Besides the problems in generating the necessary data for CQMs, some electronic health records (EHRs) do not include the capability to generate all of the CQMs providers can choose among to meet the MU stage 1 requirements, noted Smith in an interview with iHealthBeat. In his view, this happened because of the brief amount of time allotted to reprogram EHRs between the date when the final rule was issued and the beginning of stage 1. Also, he noted, vendors didn't want to rewrite software for CQMs they didn't think their customers would use.
The MU stage 1 rule did include e-specifications for the CQMs--although a spokeswoman for the EHR Association told iHealthBeat that those contained many inaccuracies. The final rule for MU stage 2 does not include e-specs, which means vendors are still waiting to begin rewriting their software for that stage, which begins in 2014. According to Smith, officials of the Centers for Medicare and Medicaid Services (CMS) were expected to discuss the topic with vendor executives this week.
The EHR companies say they need at least 18 months to imbed CQMs into their software. While there's less time than that before Jan. 1, 2014, the MU stage 2 rule allows a 90-day reporting period for attestation, rather than the full calendar year that had been anticipated. So even if EHRs don't include all of the specified CQMs until mid 2014, providers will still have time to use them for quality reporting.

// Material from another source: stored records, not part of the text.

lemma sum_multiples_square_le:
  fixes \<epsilon> :: real and e :: nat and y :: "nat \<Rightarrow> real"
  assumes \<epsilon>: "\<epsilon> > 0" and e: "e > 0"
  shows "(\<Sum>d=1..N. if e dvd d then y d * (real e powr (1/2) * real d powr (-(1/2 + \<epsilon>))) else 0)\<^sup>2
       \<le> (1 + \<epsilon>) / \<epsilon> * (\<Sum>d=1..N. if e dvd d then (y d)\<^sup>2 * real d powr (-\<epsilon>) else 0)"
proof -
  define a where "a d = (if e dvd d then y d * real d powr (-\<epsilon> / 2) else 0)" for d
  define b where "b d = (if e dvd d then real e powr (1/2) * real d powr (-(1 + \<epsilon>) / 2) else 0)" for d
  have "-\<epsilon> / 2 + -(1 + \<epsilon>) / 2 = -(1/2 + \<epsilon>)" by (simp add: field_simps)
  then have "real d powr (-\<epsilon> / 2) * real d powr (-(1 + \<epsilon>) / 2) = real d powr (-(1/2 + \<epsilon>))" for d
    by (simp only: flip: powr_add)
  then have ab: "(\<Sum>d=1..N. if e dvd d then y d * (real e powr (1/2) * real d powr (-(1/2 + \<epsilon>))) else 0)
      = (\<Sum>d=1..N. a d * b d)"
    by (intro sum.cong refl) (simp add: a_def b_def mult_ac)
  have a2: "(\<Sum>d=1..N. (a d)\<^sup>2) = (\<Sum>d=1..N. if e dvd d then (y d)\<^sup>2 * real d powr (-\<epsilon>) else 0)"
    unfolding a_def by (intro sum.cong refl) (simp add: power_mult_distrib power2_eq_square flip: powr_add)
  have "(real e powr (1/2) * real d powr (-(1 + \<epsilon>) / 2))\<^sup>2 = real e * real d powr (-(1 + \<epsilon>))" for d
    unfolding power_mult_distrib by (simp add: power2_eq_square flip: powr_add)
  then have "(\<Sum>d=1..N. (b d)\<^sup>2) = (\<Sum>d=1..N. if e dvd d then real e * real d powr (-(1 + \<epsilon>)) else 0)"
    unfolding b_def by (intro sum.cong refl) simp
  also have "\<dots> = (\<Sum>j=1..N div e. real e * real (e * j) powr (-(1 + \<epsilon>)))"
    by (rule sum_multiples_reindex[OF e])
  also have "\<dots> \<le> (\<Sum>j=1..N div e. real j powr (-(1 + \<epsilon>)))"
  proof (rule sum_mono)
    fix j
    have "real e * real (e * j) powr (-(1 + \<epsilon>)) = real e powr (-\<epsilon>) * real j powr (-(1 + \<epsilon>))"
      using e by (simp add: powr_mult powr_minus field_simps flip: powr_add)
    also have "\<dots> \<le> real j powr (-(1 + \<epsilon>))"
      using e \<epsilon> by (intro mult_left_le_one_le) (auto simp: powr_minus field_simps ge_one_powr_ge_zero)
    finally show "real e * real (e * j) powr (-(1 + \<epsilon>)) \<le> real j powr (-(1 + \<epsilon>))" .
  qed
  also have "\<dots> \<le> (1 + \<epsilon>) / \<epsilon>"
    using sum_powr_neg_le_of_gt_1[of "1 + \<epsilon>"] \<epsilon> by simp
  finally have b2: "(\<Sum>d=1..N. (b d)\<^sup>2) \<le> (1 + \<epsilon>) / \<epsilon>" .
  have "(\<Sum>d=1..N. a d * b d)\<^sup>2 \<le> (\<Sum>d=1..N. (a d)\<^sup>2) * (\<Sum>d=1..N. (b d)\<^sup>2)"
    by (rule Cauchy_Schwarz_ineq_sum)
  also have "\<dots> \<le> (\<Sum>d=1..N. (a d)\<^sup>2) * ((1 + \<epsilon>) / \<epsilon>)"
    using b2 by (intro mult_left_mono sum_nonneg) auto
  finally show ?thesis unfolding ab a2 by (simp add: mult.commute)
qed

lemma sum_divisors_weighted_le:
  fixes \<epsilon> Ct :: real and y :: "nat \<Rightarrow> real"
  assumes Ct: "\<And>d. d > 0 \<Longrightarrow> real (card {e. e dvd d}) \<le> Ct * real d powr \<epsilon>"
  shows "(\<Sum>e=1..N. \<Sum>d=1..N. if e dvd d then (y d)\<^sup>2 * real d powr (-\<epsilon>) else 0) \<le> Ct * (\<Sum>d=1..N. (y d)\<^sup>2)"
proof -
  have "(\<Sum>e=1..N. \<Sum>d=1..N. if e dvd d then (y d)\<^sup>2 * real d powr (-\<epsilon>) else 0)
      = (\<Sum>d=1..N. \<Sum>e=1..N. if e dvd d then (y d)\<^sup>2 * real d powr (-\<epsilon>) else 0)"
    by (rule sum.swap)
  also have "\<dots> = (\<Sum>d=1..N. (y d)\<^sup>2 * (real d powr (-\<epsilon>) * real (card {e\<in>{1..N}. e dvd d})))"
    by (simp add: sum.inter_filter[symmetric] mult_ac)
  also have "\<dots> \<le> (\<Sum>d=1..N. (y d)\<^sup>2 * Ct)"
  proof (intro sum_mono mult_left_mono)
    fix d assume "d \<in> {1..N}"
    then have d0: "d > 0" by simp
    have "card {e\<in>{1..N}. e dvd d} \<le> card {e. e dvd d}"
      using d0 by (intro card_mono) auto
    then have "real d powr (-\<epsilon>) * real (card {e\<in>{1..N}. e dvd d}) \<le> real d powr (-\<epsilon>) * (Ct * real d powr \<epsilon>)"
      using Ct[OF d0] by (intro mult_left_mono) auto
    also have "\<dots> = Ct" using d0 by (simp add: powr_minus)
    finally show "real d powr (-\<epsilon>) * real (card {e\<in>{1..N}. e dvd d}) \<le> Ct" .
  qed simp
  also have "\<dots> = Ct * (\<Sum>d=1..N. (y d)\<^sup>2)" by (simp add: sum_distrib_left mult.commute)
  finally show ?thesis .
qed

lemma gcd_quadratic_form_le:
  fixes \<epsilon> Ct :: real and y :: "nat \<Rightarrow> real"
  assumes \<epsilon>: "\<epsilon> > 0" and Ct: "\<And>d. d > 0 \<Longrightarrow> real (card {e. e dvd d}) \<le> Ct * real d powr \<epsilon>"
    and y: "\<And>d. y d \<ge> 0"
  shows "(\<Sum>d1=1..N. \<Sum>d2=1..N. y d1 * y d2 * (real (gcd d1 d2) * (real d1 * real d2) powr (-(1/2 + \<epsilon>))))
       \<le> (1 + \<epsilon>) / \<epsilon> * Ct * (\<Sum>d=1..N. (y d)\<^sup>2)"
proof -
  define w where "w e d = real e powr (1/2) * real d powr (-(1/2 + \<epsilon>))" for e d :: nat
  have "(\<Sum>d1=1..N. \<Sum>d2=1..N. y d1 * y d2 * (real (gcd d1 d2) * (real d1 * real d2) powr (-(1/2 + \<epsilon>))))
      \<le> (\<Sum>d1=1..N. \<Sum>d2=1..N. y d1 * y d2 * (\<Sum>e=1..N. if e dvd d1 \<and> e dvd d2 then w e d1 * w e d2 else 0))"
  proof (intro sum_mono mult_left_mono)
    fix d1 d2 assume dd: "d1 \<in> {1..N}" "d2 \<in> {1..N}"
    have "w (gcd d1 d2) d1 * w (gcd d1 d2) d2 = real (gcd d1 d2) * (real d1 * real d2) powr (-(1/2 + \<epsilon>))"
      by (simp add: w_def powr_mult mult_ac flip: powr_add)
    then show "real (gcd d1 d2) * (real d1 * real d2) powr (-(1/2 + \<epsilon>))
        \<le> (\<Sum>e=1..N. if e dvd d1 \<and> e dvd d2 then w e d1 * w e d2 else 0)"
      using member_le_sum[OF gcd_in_atLeastAtMost[OF dd], of "\<lambda>e. if e dvd d1 \<and> e dvd d2 then w e d1 * w e d2 else 0"]
      by (simp add: w_def)
  qed (use y in auto)
  also have "\<dots> = (\<Sum>e=1..N. (\<Sum>d=1..N. if e dvd d then y d * w e d else 0)\<^sup>2)"
    by (rule sum_squares_of_restricted_sums[symmetric])
  also have "\<dots> \<le> (\<Sum>e=1..N. (1 + \<epsilon>) / \<epsilon> * (\<Sum>d=1..N. if e dvd d then (y d)\<^sup>2 * real d powr (-\<epsilon>) else 0))"
    unfolding w_def by (intro sum_mono sum_multiples_square_le \<epsilon>) simp
  also have "\<dots> \<le> (1 + \<epsilon>) / \<epsilon> * (Ct * (\<Sum>d=1..N. (y d)\<^sup>2))"
    unfolding sum_distrib_left[symmetric] using \<epsilon> sum_divisors_weighted_le[OF Ct]
    by (intro mult_left_mono) auto
  finally show ?thesis by (simp add: mult.assoc)
qed

lemma divisor_sum_square_le:
  fixes \<alpha> Ct :: real and y :: "nat \<Rightarrow> real"
  assumes \<alpha>: "0 < \<alpha>" "\<alpha> < 1/2"
    and Ct: "\<And>d. d > 0 \<Longrightarrow> real (card {e. e dvd d}) \<le> Ct * real d powr (1/2 - \<alpha>)"
    and y: "\<And>d. y d \<ge> 0"
  shows "(\<Sum>m=1..N. (divisor_sum \<alpha> N y m)\<^sup>2)
       \<le> real N powr (1 - 2*\<alpha>) / (1 - 2*\<alpha>) * ((3 - 2*\<alpha>) / (1 - 2*\<alpha>) * Ct) * (\<Sum>d=1..N. (y d)\<^sup>2)"
proof -
  define cN where "cN = real N powr (1 - 2*\<alpha>) / (1 - 2*\<alpha>)"
  have cN: "cN \<ge> 0" using \<alpha> by (simp add: cN_def)
  have "(\<Sum>m=1..N. (divisor_sum \<alpha> N y m)\<^sup>2)
      = (\<Sum>d1=1..N. \<Sum>d2=1..N. y d1 * y d2 * (\<Sum>m=1..N.
          if d1 dvd m \<and> d2 dvd m then (real m / real d1) powr (-\<alpha>) * (real m / real d2) powr (-\<alpha>) else 0))"
    unfolding divisor_sum_def by (rule sum_squares_of_restricted_sums)
  also have "\<dots> \<le> (\<Sum>d1=1..N. \<Sum>d2=1..N. y d1 * y d2 * (cN * (real (gcd d1 d2) * (real d1 * real d2) powr (\<alpha> - 1))))"
    unfolding cN_def using \<alpha> y by (intro sum_mono mult_left_mono sum_common_multiples_powr_le) auto
  also have "\<dots> = cN * (\<Sum>d1=1..N. \<Sum>d2=1..N. y d1 * y d2 * (real (gcd d1 d2) * (real d1 * real d2) powr (-(1/2 + (1/2 - \<alpha>)))))"
    by (simp add: sum_distrib_left mult_ac)
  also have "\<dots> \<le> cN * ((1 + (1/2 - \<alpha>)) / (1/2 - \<alpha>) * Ct * (\<Sum>d=1..N. (y d)\<^sup>2))"
    using \<alpha> by (intro mult_left_mono[OF gcd_quadratic_form_le cN] Ct y) auto
  also have "(1 + (1/2 - \<alpha>)) / (1/2 - \<alpha>) = (3 - 2*\<alpha>) / (1 - 2*\<alpha>)"
    using \<alpha> by (simp add: field_simps)
  finally show ?thesis by (simp add: cN_def mult.assoc)
qed

text \<open>A duality argument: with \<open>y\<close> the multiple sums of \<open>x\<close>, \<open>\<Sum> y\<^sup>2 = \<langle>x, T\<^sup>* y\<rangle>\<close>, and Cauchy--Schwarz
  together with the bound for the adjoint \<open>T\<^sup>*\<close> gives \<open>(\<Sum> y\<^sup>2)\<^sup>2 \<le> \<Sum> x\<^sup>2 \<sqdot> D \<sqdot> \<Sum> y\<^sup>2\<close>.\<close>

lemma multiple_sum_square_le:
  fixes D :: real and x :: "nat \<Rightarrow> real"
  assumes D: "D \<ge> 0"
    and dual: "\<And>y. (\<And>d. y d \<ge> 0) \<Longrightarrow> (\<Sum>m=1..N. (divisor_sum \<alpha> N y m)\<^sup>2) \<le> D * (\<Sum>d=1..N. (y d)\<^sup>2)"
    and x: "\<And>m. x m \<ge> 0"
  shows "(\<Sum>d=1..N. (multiple_sum \<alpha> N x d)\<^sup>2) \<le> D * (\<Sum>m=1..N. (x m)\<^sup>2)"
proof -
  define y where "y = multiple_sum \<alpha> N x"
  define Y where "Y = (\<Sum>d=1..N. (y d)\<^sup>2)"
  define X where "X = (\<Sum>m=1..N. (x m)\<^sup>2)"
  have y0: "y d \<ge> 0" for d unfolding y_def multiple_sum_def using x by (intro sum_nonneg) auto
  have Y0: "Y \<ge> 0" and X0: "X \<ge> 0" by (simp_all add: Y_def X_def sum_nonneg)
  have "Y = (\<Sum>m=1..N. x m * divisor_sum \<alpha> N y m)"
    unfolding Y_def power2_eq_square using sum_mult_multiple_sum_eq_sum_mult_divisor_sum
    by (simp add: y_def)
  then have "Y\<^sup>2 \<le> X * (\<Sum>m=1..N. (divisor_sum \<alpha> N y m)\<^sup>2)"
    unfolding X_def by (simp add: Cauchy_Schwarz_ineq_sum)
  also have "\<dots> \<le> X * (D * Y)"
    using dual[OF y0] X0 by (simp add: Y_def mult_left_mono)
  finally have "Y * Y \<le> (D * X) * Y" by (simp add: power2_eq_square mult_ac)
  then have "Y \<le> D * X"
    using Y0 D X0 by (cases "Y = 0") (auto simp: mult_le_cancel_right)
  then show ?thesis by (simp add: Y_def X_def y_def)
qed

lemma Re_quadratic_form_le_norms:
  fixes a :: "'a \<Rightarrow> complex" and K :: "'a \<Rightarrow> 'a \<Rightarrow> real"
  assumes K: "\<And>m n. K m n \<ge> 0"
  shows "Re (\<Sum>m\<in>A. \<Sum>n\<in>A. a m * cnj (a n) * complex_of_real (K m n))
       \<le> (\<Sum>m\<in>A. \<Sum>n\<in>A. cmod (a m) * cmod (a n) * K m n)"
proof -
  have "Re (\<Sum>m\<in>A. \<Sum>n\<in>A. a m * cnj (a n) * complex_of_real (K m n))
      \<le> cmod (\<Sum>m\<in>A. \<Sum>n\<in>A. a m * cnj (a n) * complex_of_real (K m n))"
    by (rule complex_Re_le_cmod)
  also have "\<dots> \<le> (\<Sum>m\<in>A. \<Sum>n\<in>A. cmod (a m * cnj (a n) * complex_of_real (K m n)))"
    by (intro order_trans[OF norm_sum] sum_mono norm_sum)
  also have "\<dots> = (\<Sum>m\<in>A. \<Sum>n\<in>A. cmod (a m) * cmod (a n) * K m n)"
    using K by (simp add: norm_mult)
  finally show ?thesis .
qed

theorem theorem2:
  fixes \<alpha> :: real
  assumes "0 < \<alpha>" and "\<alpha> < 1/2"
  shows "\<exists>C::real. \<forall>N::nat. N \<ge> 1 \<longrightarrow>
           (\<forall>a :: nat \<Rightarrow> complex. (\<Sum>n=1..N. (cmod (a n))\<^sup>2) = 1 \<longrightarrow>
              Re (\<Sum>m=1..N. \<Sum>n=1..N.
                    a m * cnj (a n) * complex_of_real (real (gcd m n) powr (2*\<alpha>) / real (m*n) powr \<alpha>))
              \<le> C * real N powr (1 - 2*\<alpha>))"
proof -
  obtain Ct where Ct: "Ct > 0" "\<And>d. d > 0 \<Longrightarrow> real (card {e. e dvd d}) \<le> Ct * real d powr (1/2 - \<alpha>)"
    using divisor_count_le_powr[of "1/2 - \<alpha>"] assms by auto
  define C where "C = (3 - 2*\<alpha>) / (1 - 2*\<alpha>) * Ct / (1 - 2*\<alpha>)"
  have C_eq: "real N powr (1 - 2*\<alpha>) / (1 - 2*\<alpha>) * ((3 - 2*\<alpha>) / (1 - 2*\<alpha>) * Ct) = C * real N powr (1 - 2*\<alpha>)"
    for N by (simp add: C_def)
  show ?thesis
  proof (intro exI[of _ C] allI impI)
    fix N :: nat and a :: "nat \<Rightarrow> complex"
    assume a: "(\<Sum>n=1..N. (cmod (a n))\<^sup>2) = 1"
    have "Re (\<Sum>m=1..N. \<Sum>n=1..N.
            a m * cnj (a n) * complex_of_real (real (gcd m n) powr (2*\<alpha>) / real (m*n) powr \<alpha>))
        \<le> (\<Sum>m=1..N. \<Sum>n=1..N. cmod (a m) * cmod (a n) * (real (gcd m n) powr (2*\<alpha>) / real (m*n) powr \<alpha>))"
      by (rule Re_quadratic_form_le_norms) simp
    also have "\<dots> \<le> (\<Sum>d=1..N. (multiple_sum \<alpha> N (\<lambda>m. cmod (a m)) d)\<^sup>2)"
      by (rule quadratic_form_le_sum_multiple_sum_squares) simp
    also have "\<dots> \<le> C * real N powr (1 - 2*\<alpha>) * (\<Sum>m=1..N. (cmod (a m))\<^sup>2)"
      unfolding C_eq[symmetric] using assms Ct
      by (intro multiple_sum_square_le divisor_sum_square_le) auto
    finally show "Re (\<Sum>m=1..N. \<Sum>n=1..N.
            a m * cnj (a n) * complex_of_real (real (gcd m n) powr (2*\<alpha>) / real (m*n) powr \<alpha>))
        \<le> C * real N powr (1 - 2*\<alpha>)" using a by simp
  qed
qed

AHRQ has no regulatory authority to force EHR vendors to improve the consistency and accuracy of the quality data their products produce, Smith noted in the InformationWeek Healthcare interview. But its findings, based on the RFI and other research, can "inform" the rulemaking of other agencies, he said. Also, AHRQ is forming a group of stakeholders to look at electronic quality reporting and plans to issue a report next summer.
"We're hoping the AHRQ research will come up with a roadmap for harmonization [of CQMs]," he said.
Meanwhile, AHRQ has extended the comment period for replying to its RFI to Sept. 21.